▸ **Try it**:
Your answer should be the lines below from the one with "using M mem_iff" to the one with "unfolding Tsphere_def by auto", both included, given again exactly and with nothing added.

[Stored entries]

lemma proj_point_mem_Tsphere_iff:
  assumes w: "w \<in> carrier_vec (n+1)"
  shows "proj_point w \<in> Tsphere n r \<longleftrightarrow>
    w \<noteq> 0\<^sub>v (n+1) \<and> sum_sq_norm n w = r * (cmod (w $ n))\<^sup>2"
proof
  assume "proj_point w \<in> Tsphere n r"
  then obtain z where z: "proj_point w = proj_point z" "z \<in> carrier_vec (n+1)" "z \<noteq> 0\<^sub>v (n+1)"
      "sum_sq_norm n z = r * (cmod (z $ n))\<^sup>2"
    unfolding Tsphere_def sum_sq_norm_def by auto
  have "w \<in> proj_point w"
    unfolding proj_point_def by (auto intro: exI[of _ 1])
  then have "w \<in> proj_point z"
    using z(1) by simp
  then obtain c where c: "c \<noteq> 0" "w = c \<cdot>\<^sub>v z"
    unfolding proj_point_def by auto
  have "sum_sq_norm (n+1) w \<noteq> 0"
    using z(2,3) c by (simp add: sum_sq_norm_smult sum_sq_norm_eq_0_iff_zero_vec)
  then have "w \<noteq> 0\<^sub>v (n+1)"
    using sum_sq_norm_eq_0_iff_zero_vec[OF w] by blast
  moreover have "sum_sq_norm n w = r * (cmod (w $ n))\<^sup>2"
    using z(2,4) c by (simp add: sum_sq_norm_smult norm_mult power_mult_distrib)
  ultimately show "w \<noteq> 0\<^sub>v (n+1) \<and> sum_sq_norm n w = r * (cmod (w $ n))\<^sup>2" ..
qed (use w in \<open>auto simp: Tsphere_def sum_sq_norm_def\<close>)

lemma proj_image_Tsphere_eqI:
  assumes M: "M \<in> carrier_mat (n+1) (n+1)" and s: "s > 0"
    and head: "\<And>w. w \<in> carrier_vec (n+1) \<Longrightarrow> sum_sq_norm n (M *\<^sub>v w) = s * sum_sq_norm n w"
    and last: "\<And>w. w \<in> carrier_vec (n+1) \<Longrightarrow> (cmod ((M *\<^sub>v w) $ n))\<^sup>2 = s * (cmod (w $ n))\<^sup>2"
    and onto: "\<And>y. y \<in> carrier_vec (n+1) \<Longrightarrow> \<exists>z \<in> carrier_vec (n+1). M *\<^sub>v z = y"
  shows "proj_image M (Tsphere n r) = Tsphere n r"
proof -
  have mem_iff: "proj_point (M *\<^sub>v w) \<in> Tsphere n r \<longleftrightarrow> proj_point w \<in> Tsphere n r"
    if w: "w \<in> carrier_vec (n+1)" for w
  proof -
    have "sum_sq_norm (n+1) (M *\<^sub>v w) = s * sum_sq_norm (n+1) w"
      using head[OF w] last[OF w] by (simp add: sum_sq_norm_Suc algebra_simps)
    then have "M *\<^sub>v w = 0\<^sub>v (n+1) \<longleftrightarrow> w = 0\<^sub>v (n+1)"
      using M w s by (simp flip: sum_sq_norm_eq_0_iff_zero_vec)
    then show ?thesis
      using M w s head[OF w] last[OF w] by (simp add: proj_point_mem_Tsphere_iff)
  qed
  show ?thesis
  proof
    show "proj_image M (Tsphere n r) \<subseteq> Tsphere n r"
      using M mem_iff unfolding proj_image_def by auto
    show "Tsphere n r \<subseteq> proj_image M (Tsphere n r)"
    proof
      fix p assume "p \<in> Tsphere n r"
      then obtain y where y: "p = proj_point y" "y \<in> carrier_vec (n+1)" "proj_point y \<in> Tsphere n r"
        unfolding Tsphere_def by auto
      obtain z where z: "z \<in> carrier_vec (n+1)" "M *\<^sub>v z = y"
        using onto[OF y(2)] by blast
      have "proj_point z \<in> Tsphere n r"
        using mem_iff[OF z(1)] z(2) y(3) by simp
      then show "p \<in> proj_image M (Tsphere n r)"
        using M y(1) z proj_point_mem_Tsphere_iff[OF z(1)] unfolding proj_image_def by auto
    qed
  qed
qed

lemma index_mult_mat_vec_sum:
  assumes "M \<in> carrier_mat nr nc" "w \<in> carrier_vec nc" "i < nr"
  shows "(M *\<^sub>v w) $ i = (\<Sum>j<nc. M $$ (i,j) * w $ j)"
  using assms by (simp add: mult_mat_vec_def scalar_prod_def lessThan_atLeast0)

lemma index_mult_diagonal_mat_vec:
  assumes D: "D \<in> carrier_mat m m" "diagonal_mat D" and z: "z \<in> carrier_vec m" and i: "i < m"
  shows "(D *\<^sub>v z) $ i = D $$ (i,i) * z $ i"
proof -
  have "(D *\<^sub>v z) $ i = (\<Sum>j<m. if j = i then D $$ (i,i) * z $ i else 0)"
    unfolding index_mult_mat_vec_sum[OF D(1) z i]
    using D i unfolding diagonal_mat_def by (intro sum.cong) auto
  with i show ?thesis by simp
qed

lemma proj_image_diagonal_Tsphere:
  assumes K: "K \<in> carrier_mat (n+1) (n+1)" "diagonal_mat K" and b: "b > 0"
    and diag: "\<And>i. i < n+1 \<Longrightarrow> cmod (K $$ (i,i)) = b"
  shows "proj_image K (Tsphere n r) = Tsphere n r"
proof (rule proj_image_Tsphere_eqI[OF K(1)])
  have cmod_K: "cmod ((K *\<^sub>v w) $ i) = b * cmod (w $ i)" if "w \<in> carrier_vec (n+1)" "i < n+1" for w i
    using index_mult_diagonal_mat_vec[OF K that] diag[OF that(2)] by (simp add: norm_mult)
  show "sum_sq_norm n (K *\<^sub>v w) = b\<^sup>2 * sum_sq_norm n w" if "w \<in> carrier_vec (n+1)" for w
    using cmod_K[OF that] by (intro sum_sq_norm_proportional) simp
  show "(cmod ((K *\<^sub>v w) $ n))\<^sup>2 = b\<^sup>2 * (cmod (w $ n))\<^sup>2" if "w \<in> carrier_vec (n+1)" for w
    using cmod_K[OF that] by (simp add: power_mult_distrib)
  show "\<exists>z \<in> carrier_vec (n+1). K *\<^sub>v z = y" if y: "y \<in> carrier_vec (n+1)" for y
  proof
    let ?z = "vec (n+1) (\<lambda>i. y $ i / K $$ (i,i))"
    show "?z \<in> carrier_vec (n+1)" by simp
    have "(K *\<^sub>v ?z) $ i = y $ i" if i: "i < n+1" for i
      using index_mult_diagonal_mat_vec[OF K _ i, of ?z] diag[OF i] b i by auto
    then show "K *\<^sub>v ?z = y"
      using K(1) y by (intro eq_vecI) auto
  qed
qed (use b in simp)

section \<open>Elliptic elements preserve the spheres\<close>

lemma eigenvalue_similar:
  assumes "similar_mat A (B :: 'a :: field mat)"
  shows "eigenvalue A k \<longleftrightarrow> eigenvalue B k"
proof -
  obtain m where "A \<in> carrier_mat m m" "B \<in> carrier_mat m m"
    using similar_matD[OF assms] by auto
  then show ?thesis
    using char_poly_similar[OF assms] by (simp add: eigenvalue_root_char_poly)
qed

lemma eigenvalue_diagonal_mat:
  assumes D: "D \<in> carrier_mat m m" "diagonal_mat (D :: 'a :: field mat)"
  shows "eigenvalue D k \<longleftrightarrow> k \<in> set (diag_mat D)"
proof -
  have "upper_triangular D"
    using D unfolding upper_triangular_def diagonal_mat_def by auto
  then show ?thesis
    by (simp add: eigenvalue_root_char_poly[OF D(1)] char_poly_upper_triangular[OF D(1)]
        poly_prod_list prod_list_zero_iff image_iff)
qed

lemma mult_conj_cancel:
  assumes "P \<in> carrier_mat m m" "Q \<in> carrier_mat m m" "X \<in> carrier_mat m m" "P * Q = 1\<^sub>m m"
  shows "P * (Q * X * P) * Q = (X :: 'a :: semiring_1 mat)"
proof -
  have "P * (Q * X * P) * Q = (P * Q) * X * (P * Q)"
    using assms(1-3) by (simp add: assoc_mult_mat[of _ m m _ m _ m])
  also have "\<dots> = X"
    unfolding assms(4) using assms(3) by simp
  finally show ?thesis .
qed

lemma complex_nth_root_exists:
  assumes "k > 0"
  shows "\<exists>c::complex. c ^ k = z"
proof -
  have "rcis (root k (cmod z)) (Arg z / k) ^ k = rcis (cmod z) (Arg z)"
    using assms by (simp add: DeMoivre2 real_root_pow_pos2)
  then show ?thesis
    using rcis_cmod_Arg by metis
qed

lemma SL_lift_exists:
  assumes G: "G \<in> carrier_mat (n+1) (n+1)" and "det G \<noteq> 0"
  shows "\<exists>L. SL_lift n G L"
proof -
  obtain c where c: "c ^ (n+1) = inverse (det G)"
    using complex_nth_root_exists[of "n+1"] by auto
  then have "c \<noteq> 0" "det (c \<cdot>\<^sub>m G) = 1"
    using G \<open>det G \<noteq> 0\<close> by auto
  then show ?thesis
    using G unfolding SL_lift_def by (auto intro!: exI[of _ "c \<cdot>\<^sub>m G"])
qed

▸ **Solved problem**:
      using M mem_iff unfolding proj_image_def by auto
    show "Tsphere n r \<subseteq> proj_image M (Tsphere n r)"
    proof
      fix p assume "p \<in> Tsphere n r"
      then obtain y where y: "p = proj_point y" "y \<in> carrier_vec (n+1)" "proj_point y \<in> Tsphere n r"
        unfolding Tsphere_def by auto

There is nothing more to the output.